(* Under Conditions 1 and 2, there exist constants $C>0$ and $n_0\ge1$ such that for every $k\in\mathbb Z_+$, every $\mathbf y=(y_1,\dots,y_k)\in\mathbb R_+^k$ and every $n\ge n_0$, $$\sup_{t\ge0}R^{(n)}_\beta(t,k,\mathbf y)\le C\sum_{j=1}^k(1+y_j).$$
   Context: Notation: $\mathbb Z_+=\{1,2,\dots\}$, $\mathbb R_+=[0,\infty)$. For each $n\ge1$: $\lambda^{(n)}>0$; a probability $\Lambda^{(n)}$ on $\mathbb R_+$ with tail $\bar\Lambda^{(n)}(t)=\Lambda^{(n)}((t,\infty))$, $\eta^{(n)}=\int_0^\infty y\Lambda^{(n)}(dy)$, $\sigma^{(n)}=\frac12\int_0^\infty y^2\Lambda^{(n)}(dy)$ finite; probability laws $(p_k^{(n)})_{k\ge1}$, $(q_k^{(n)})_{k\ge1}$ on $\mathbb Z_+$ with generating functions $g^{(n)},h^{(n)}$, $m^{(n)}=\sum_kkp_k^{(n)}<\infty$; $\gamma_n>0$ with $\gamma_n\to\infty$, $\gamma_n/n\to\gamma_*\in[0,\infty)$. $\phi^{(n)}(z)=n\gamma_n[g^{(n)}(1-z/n)-(1-z/n)]$, $\psi^{(n)}(z)=\gamma_n[1-h^{(n)}(1-z/n)]$ for $z\in[0,n]$. Condition 1: (i) $\lambda^{(n)}\to\lambda>0$, $\eta^{(n)}\to\eta>0$, $\sigma^{(n)}\to\sigma>0$, $\gamma_n(1-\lambda^{(n)}\eta^{(n)})\to b\in\mathbb R$; (ii) $\psi^{(n)}\to\psi$ uniformly on compacts of $[0,\infty)$; (iii) $\{\phi^{(n)}\}$ is uniformly Lipschitz on bounded intervals and converges uniformly on compacts to a continuous $\phi$. Under Condition 1, $\lambda\eta=1$ and $m:=\lim_n\gamma_n(1-m^{(n)})$ exists (so $\gamma_n(1-\lambda^{(n)}\eta^{(n)}m^{(n)})\to b+m$). Condition 2 (for some $\alpha\in(1,2)$): (1) there are $C,k_0>0$ with $n\gamma_n\sum_{k\ge k_0}(k/n)^\alpha p^{(n)}_k+\sum_kk^\alpha q^{(n)}_k\le C$ for all $n$, and $\lim_{k_1\to\infty}\limsup_n\gamma_n\sum_{k\ge k_1}kp^{(n)}_k=0$; (2) there are $C_0>0$ and a probability $\Lambda^*$ on $\mathbb R_+$ with $\int t^{2\alpha}\Lambda^*(dt)<\infty$ and $\bar\Lambda^{(n)}\le C_0\bar\Lambda^*$ for all $n$. Fix $\beta\in[0,\infty)$ with $\beta>-(b+m)/(\sigma\lambda)$. Let $R^{(n)}$ be the unique locally integrable solution of $R^{(n)}(t)=\lambda^{(n)}m^{(n)}\bar\Lambda^{(n)}(t)+\lambda^{(n)}m^{(n)}\int_0^tR^{(n)}(t-s)\bar\Lambda^{(n)}(s)ds$, $t\ge0$, and $R^{(n)}_\beta(t)=e^{-\beta t/\gamma_n}R^{(n)}(t)$. For $k\in\mathbb Z_+$, $\mathbf y=(y_1,\dots,y_k)\in\mathbb R_+^k$: $R^{(n)}(t,k,\mathbf y)=\sum_{j=1}^k\big[\lambda^{(n)}\mathbf 1_{\{y_j>t\}}+\lambda^{(n)}\int_0^tR^{(n)}(t-s)\mathbf 1_{\{y_j>s\}}ds\big]$ and $R^{(n)}_\beta(t,k,\mathbf y)=e^{-\beta t/\gamma_n}R^{(n)}(t,k,\mathbf y)$. *)

theory Defs
  imports "HOL-Probability.Probability"
begin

[Directions]
Start at the line containing "theory Defs" and transcribe through the end of the entries. Please keep both ends and add nothing.

[Exercise result]
theory Defs
  imports "HOL-Probability.Probability"
begin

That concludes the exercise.